Homework format: Use 8.5x11-inch paper. Write only on one side. Start each problem on a new page.

Note: Homework counts 9% if it is done and handed in on time. No late homework is accepted. It is unacceptable not to do homework and will count severely against you if it is not completed and turned in.

Special Note on Class and Homework Preparation:

Learning any topic in Mechanical Engineering is a partnership between the professor and student. The amount learned and the degree of retention depends primarily on your involvement in the subject matter. You should be aware already that if your level of effort in a course is low, you are not likely to learn much. To maximize your absorption and retention of material, I require that you read the above class assignments and attempt to do the assigned homework prior to coming to class for that day. Homework assigned for a particular class will be collected at the first of the class period following that for which it is assigned. Occasionally I may check your homework the day it is assigned to make sure that you are attempting to do the homework prior to class. It is your responsibility to make a good attempt at doing your homework prior to the class for which it is assigned.

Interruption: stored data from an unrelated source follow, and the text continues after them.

lemma sum_Pow_split_Min:
  fixes U :: "'a::linorder set"
  assumes "finite U"
  shows "(\<Sum>A\<in>Pow U. F A) = F {} + (\<Sum>u\<in>U. \<Sum>B\<in>Pow {w\<in>U. u < w}. F (insert u B))"
proof (rule sum_Pow_split_unique[OF assms])
  fix A assume "A \<subseteq> U" "A \<noteq> {}"
  with assms have "finite A" by (auto intro: finite_subset)
  show "\<exists>!u. u \<in> A \<and> A - {u} \<subseteq> {w\<in>U. u < w}"
  proof
    show "Min A \<in> A \<and> A - {Min A} \<subseteq> {w\<in>U. Min A < w}"
      using \<open>finite A\<close> \<open>A \<noteq> {}\<close> \<open>A \<subseteq> U\<close> by (auto simp: order.not_eq_order_implies_strict)
  next
    fix u assume "u \<in> A \<and> A - {u} \<subseteq> {w\<in>U. u < w}"
    with \<open>finite A\<close> show "u = Min A"
      by (intro Min_eqI[symmetric]) (auto simp: less_imp_le)
  qed
qed auto

lemma sum_Pow_split_Max:
  fixes U :: "'a::linorder set"
  assumes "finite U"
  shows "(\<Sum>A\<in>Pow U. F A) = F {} + (\<Sum>u\<in>U. \<Sum>B\<in>Pow {w\<in>U. w < u}. F (insert u B))"
proof (rule sum_Pow_split_unique[OF assms])
  fix A assume "A \<subseteq> U" "A \<noteq> {}"
  with assms have "finite A" by (auto intro: finite_subset)
  show "\<exists>!u. u \<in> A \<and> A - {u} \<subseteq> {w\<in>U. w < u}"
  proof
    show "Max A \<in> A \<and> A - {Max A} \<subseteq> {w\<in>U. w < Max A}"
      using \<open>finite A\<close> \<open>A \<noteq> {}\<close> \<open>A \<subseteq> U\<close> by (auto simp: order.not_eq_order_implies_strict)
  next
    fix u assume "u \<in> A \<and> A - {u} \<subseteq> {w\<in>U. w < u}"
    with \<open>finite A\<close> show "u = Max A"
      by (intro Max_eqI[symmetric]) (auto simp: less_imp_le)
  qed
qed auto

lemma sorted_list_of_set_insert_less:
  assumes "finite B" and "\<forall>w\<in>B. u < w"
  shows "sorted_list_of_set (insert u B) = u # sorted_list_of_set B"
proof -
  have "u \<notin> B" using assms(2) by blast
  with assms show ?thesis
    by (subst sorted_list_of_set_unique[symmetric]) (auto simp: strict_sorted_list_of_set)
qed

lemma sorted_list_of_set_insert_greater:
  assumes "finite B" and "\<forall>w\<in>B. w < u"
  shows "sorted_list_of_set (insert u B) = sorted_list_of_set B @ [u]"
proof -
  have "u \<notin> B" using assms(2) by blast
  with assms show ?thesis
    by (subst sorted_list_of_set_unique[symmetric]) (auto simp: strict_sorted_list_of_set sorted_wrt_append)
qed

section \<open>Chain sums and the images of the variables\<close>

definition chain_sum ::
    "'k::comm_ring_1 \<Rightarrow> (nat \<Rightarrow> nat \<times> nat) \<Rightarrow> nat \<Rightarrow> nat \<Rightarrow> nat set \<Rightarrow> 'k laurent" where
  "chain_sum s S i c U = (\<Sum>A\<in>Pow U. const (s ^ card A) * chain_term S i c (sorted_list_of_set A))"

lemma finite_U_set: "finite (U_set S h i j)"
  by (simp add: U_set_def)

lemma img_eq_chain_sum: "img s S h (i, j) = chain_sum s S i j (U_set S h i j)"
  unfolding chain_sum_def img_def using finite_U_set
  by (subst sum.remove[of _ "{}"]) auto

lemma chain_term_append:
  "chain_term S i c (us @ [u]) = chain_term S (fst (S u)) c us * VarInv (S u) * Var (i, snd (S u))"
  by (induction us arbitrary: c) (simp_all add: mult.assoc)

It is good for you to stay prepared for class, to come to class having read what material is to be covered in the class. When reading the material, if you encounter points that you do not understand, make a note of them--better yet, formulate a question conserning them--and bring that to class in order to pose questions about the points you do not understand. Homework is assigned for each reading assignment. Homework problems are turned in once a week, on Friday. All problems assigned prior to that Friday are due to be turned in that Friday. So, for example, you would turn in the homework sets for lessons 8-10 on Friday, 27 January. Do not wait until the night before they're due to undertake the homework problems for the previous week. Work homework problems for a class prior to coming to class that day for that topic. You may not be able to finish the entire homework set prior to a class, but having made the attempt before coming to class will help you understand the material for that lesson during class.

Course Learning Outcomes:

Students understand displacement, velocity, and acceleration in both scalar and vector terms for rectilinear and curvilinear motion.
Students can apply the above concepts to analyze the motion of particles undergoing variable acceleration.
Students understand Newton's laws of motion and can apply them to typical engineering problems of particle kinematics.
Students can analyze 2-D rigid-body motion with both absolute- and relative-motion descriptions.
Students understand the equations of motion for rigid bodies in plane motion.
Students can identify and use the work/energy and the impulse/momentum priciples in plane-motion problems.
Students can effectively communicate legible problem solutions to be understood by engineers in and out of their specific discipline.

Final Study Guide to be published at end of quarter.